━━ DATA PROVIDED

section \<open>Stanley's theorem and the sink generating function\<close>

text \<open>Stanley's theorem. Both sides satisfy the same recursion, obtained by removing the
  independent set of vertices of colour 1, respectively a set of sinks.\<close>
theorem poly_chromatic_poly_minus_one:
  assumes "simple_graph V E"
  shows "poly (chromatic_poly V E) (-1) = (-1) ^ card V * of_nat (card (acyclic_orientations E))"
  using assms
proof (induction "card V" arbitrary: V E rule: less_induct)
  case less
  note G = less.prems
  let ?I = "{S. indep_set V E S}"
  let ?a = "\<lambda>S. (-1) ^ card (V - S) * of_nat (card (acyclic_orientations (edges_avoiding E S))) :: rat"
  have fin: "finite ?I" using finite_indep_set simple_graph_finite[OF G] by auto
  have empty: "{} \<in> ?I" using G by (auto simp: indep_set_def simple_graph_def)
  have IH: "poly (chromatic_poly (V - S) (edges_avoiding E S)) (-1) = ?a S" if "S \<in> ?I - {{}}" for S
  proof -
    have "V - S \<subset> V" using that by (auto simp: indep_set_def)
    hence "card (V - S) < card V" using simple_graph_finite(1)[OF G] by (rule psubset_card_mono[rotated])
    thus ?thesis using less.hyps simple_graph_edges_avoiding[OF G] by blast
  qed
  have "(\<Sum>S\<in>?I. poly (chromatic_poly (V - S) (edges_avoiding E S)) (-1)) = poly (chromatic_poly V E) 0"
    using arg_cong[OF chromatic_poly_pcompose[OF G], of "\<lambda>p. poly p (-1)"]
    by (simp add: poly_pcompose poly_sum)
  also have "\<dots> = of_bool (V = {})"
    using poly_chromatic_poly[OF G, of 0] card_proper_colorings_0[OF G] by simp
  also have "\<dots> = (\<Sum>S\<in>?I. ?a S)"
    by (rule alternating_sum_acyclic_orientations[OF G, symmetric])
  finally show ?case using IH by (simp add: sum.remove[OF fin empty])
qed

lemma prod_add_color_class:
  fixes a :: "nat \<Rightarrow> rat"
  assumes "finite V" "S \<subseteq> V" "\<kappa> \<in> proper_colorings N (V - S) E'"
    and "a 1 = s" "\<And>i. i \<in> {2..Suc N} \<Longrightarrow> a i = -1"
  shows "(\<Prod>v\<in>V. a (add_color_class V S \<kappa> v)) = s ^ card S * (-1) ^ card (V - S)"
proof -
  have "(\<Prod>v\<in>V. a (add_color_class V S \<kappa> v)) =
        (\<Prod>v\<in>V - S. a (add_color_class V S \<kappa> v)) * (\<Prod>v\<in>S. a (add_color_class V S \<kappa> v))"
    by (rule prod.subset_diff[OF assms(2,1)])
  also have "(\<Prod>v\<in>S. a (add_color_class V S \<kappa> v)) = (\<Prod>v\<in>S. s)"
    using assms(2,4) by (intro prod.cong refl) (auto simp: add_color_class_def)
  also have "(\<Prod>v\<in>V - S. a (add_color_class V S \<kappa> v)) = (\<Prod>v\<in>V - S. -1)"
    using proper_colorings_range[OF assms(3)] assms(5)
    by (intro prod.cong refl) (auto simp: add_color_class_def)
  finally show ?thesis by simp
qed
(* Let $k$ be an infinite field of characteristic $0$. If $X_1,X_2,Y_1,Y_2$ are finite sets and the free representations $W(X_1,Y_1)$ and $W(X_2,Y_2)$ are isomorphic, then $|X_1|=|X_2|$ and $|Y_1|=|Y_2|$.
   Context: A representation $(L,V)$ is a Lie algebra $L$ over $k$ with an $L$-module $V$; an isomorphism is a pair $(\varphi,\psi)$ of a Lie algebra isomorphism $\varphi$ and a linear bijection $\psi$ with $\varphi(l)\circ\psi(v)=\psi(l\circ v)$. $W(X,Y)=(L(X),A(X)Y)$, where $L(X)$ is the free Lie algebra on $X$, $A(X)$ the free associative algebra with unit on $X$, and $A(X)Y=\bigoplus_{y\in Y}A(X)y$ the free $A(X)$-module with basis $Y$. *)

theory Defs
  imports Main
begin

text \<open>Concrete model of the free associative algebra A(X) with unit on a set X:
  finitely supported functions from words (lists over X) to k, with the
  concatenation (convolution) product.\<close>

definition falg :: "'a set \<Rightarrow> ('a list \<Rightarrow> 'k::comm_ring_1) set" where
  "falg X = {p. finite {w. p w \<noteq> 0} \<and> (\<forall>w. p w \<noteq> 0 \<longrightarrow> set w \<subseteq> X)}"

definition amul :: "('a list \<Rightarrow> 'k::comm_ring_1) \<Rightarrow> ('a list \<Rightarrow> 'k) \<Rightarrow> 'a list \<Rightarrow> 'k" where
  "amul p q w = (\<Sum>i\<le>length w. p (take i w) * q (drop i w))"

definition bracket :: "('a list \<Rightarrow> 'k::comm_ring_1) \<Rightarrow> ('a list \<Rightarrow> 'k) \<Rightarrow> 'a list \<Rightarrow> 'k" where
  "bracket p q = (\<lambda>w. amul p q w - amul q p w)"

━━━━

_PROBLEM:_ Give back all the records above exactly as they were written.

_SOLUTION BELOW:_
section \<open>Stanley's theorem and the sink generating function\<close>

text \<open>Stanley's theorem. Both sides satisfy the same recursion, obtained by removing the
  independent set of vertices of colour 1, respectively a set of sinks.\<close>
theorem poly_chromatic_poly_minus_one:
  assumes "simple_graph V E"
  shows "poly (chromatic_poly V E) (-1) = (-1) ^ card V * of_nat (card (acyclic_orientations E))"
  using assms
proof (induction "card V" arbitrary: V E rule: less_induct)
  case less
  note G = less.prems
  let ?I = "{S. indep_set V E S}"
  let ?a = "\<lambda>S. (-1) ^ card (V - S) * of_nat (card (acyclic_orientations (edges_avoiding E S))) :: rat"
  have fin: "finite ?I" using finite_indep_set simple_graph_finite[OF G] by auto
  have empty: "{} \<in> ?I" using G by (auto simp: indep_set_def simple_graph_def)
  have IH: "poly (chromatic_poly (V - S) (edges_avoiding E S)) (-1) = ?a S" if "S \<in> ?I - {{}}" for S
  proof -
    have "V - S \<subset> V" using that by (auto simp: indep_set_def)
    hence "card (V - S) < card V" using simple_graph_finite(1)[OF G] by (rule psubset_card_mono[rotated])
    thus ?thesis using less.hyps simple_graph_edges_avoiding[OF G] by blast
  qed
  have "(\<Sum>S\<in>?I. poly (chromatic_poly (V - S) (edges_avoiding E S)) (-1)) = poly (chromatic_poly V E) 0"
    using arg_cong[OF chromatic_poly_pcompose[OF G], of "\<lambda>p. poly p (-1)"]
    by (simp add: poly_pcompose poly_sum)
  also have "\<dots> = of_bool (V = {})"
    using poly_chromatic_poly[OF G, of 0] card_proper_colorings_0[OF G] by simp
  also have "\<dots> = (\<Sum>S\<in>?I. ?a S)"
    by (rule alternating_sum_acyclic_orientations[OF G, symmetric])
  finally show ?case using IH by (simp add: sum.remove[OF fin empty])
qed

lemma prod_add_color_class:
  fixes a :: "nat \<Rightarrow> rat"
  assumes "finite V" "S \<subseteq> V" "\<kappa> \<in> proper_colorings N (V - S) E'"
    and "a 1 = s" "\<And>i. i \<in> {2..Suc N} \<Longrightarrow> a i = -1"
  shows "(\<Prod>v\<in>V. a (add_color_class V S \<kappa> v)) = s ^ card S * (-1) ^ card (V - S)"
proof -
  have "(\<Prod>v\<in>V. a (add_color_class V S \<kappa> v)) =
        (\<Prod>v\<in>V - S. a (add_color_class V S \<kappa> v)) * (\<Prod>v\<in>S. a (add_color_class V S \<kappa> v))"
    by (rule prod.subset_diff[OF assms(2,1)])
  also have "(\<Prod>v\<in>S. a (add_color_class V S \<kappa> v)) = (\<Prod>v\<in>S. s)"
    using assms(2,4) by (intro prod.cong refl) (auto simp: add_color_class_def)
  also have "(\<Prod>v\<in>V - S. a (add_color_class V S \<kappa> v)) = (\<Prod>v\<in>V - S. -1)"
    using proper_colorings_range[OF assms(3)] assms(5)
    by (intro prod.cong refl) (auto simp: add_color_class_def)
  finally show ?thesis by simp
qed
(* Let $k$ be an infinite field of characteristic $0$. If $X_1,X_2,Y_1,Y_2$ are finite sets and the free representations $W(X_1,Y_1)$ and $W(X_2,Y_2)$ are isomorphic, then $|X_1|=|X_2|$ and $|Y_1|=|Y_2|$.
   Context: A representation $(L,V)$ is a Lie algebra $L$ over $k$ with an $L$-module $V$; an isomorphism is a pair $(\varphi,\psi)$ of a Lie algebra isomorphism $\varphi$ and a linear bijection $\psi$ with $\varphi(l)\circ\psi(v)=\psi(l\circ v)$. $W(X,Y)=(L(X),A(X)Y)$, where $L(X)$ is the free Lie algebra on $X$, $A(X)$ the free associative algebra with unit on $X$, and $A(X)Y=\bigoplus_{y\in Y}A(X)y$ the free $A(X)$-module with basis $Y$. *)

theory Defs
  imports Main
begin

text \<open>Concrete model of the free associative algebra A(X) with unit on a set X:
  finitely supported functions from words (lists over X) to k, with the
  concatenation (convolution) product.\<close>

definition falg :: "'a set \<Rightarrow> ('a list \<Rightarrow> 'k::comm_ring_1) set" where
  "falg X = {p. finite {w. p w \<noteq> 0} \<and> (\<forall>w. p w \<noteq> 0 \<longrightarrow> set w \<subseteq> X)}"

definition amul :: "('a list \<Rightarrow> 'k::comm_ring_1) \<Rightarrow> ('a list \<Rightarrow> 'k) \<Rightarrow> 'a list \<Rightarrow> 'k" where
  "amul p q w = (\<Sum>i\<le>length w. p (take i w) * q (drop i w))"

definition bracket :: "('a list \<Rightarrow> 'k::comm_ring_1) \<Rightarrow> ('a list \<Rightarrow> 'k) \<Rightarrow> 'a list \<Rightarrow> 'k" where
  "bracket p q = (\<lambda>w. amul p q w - amul q p w)"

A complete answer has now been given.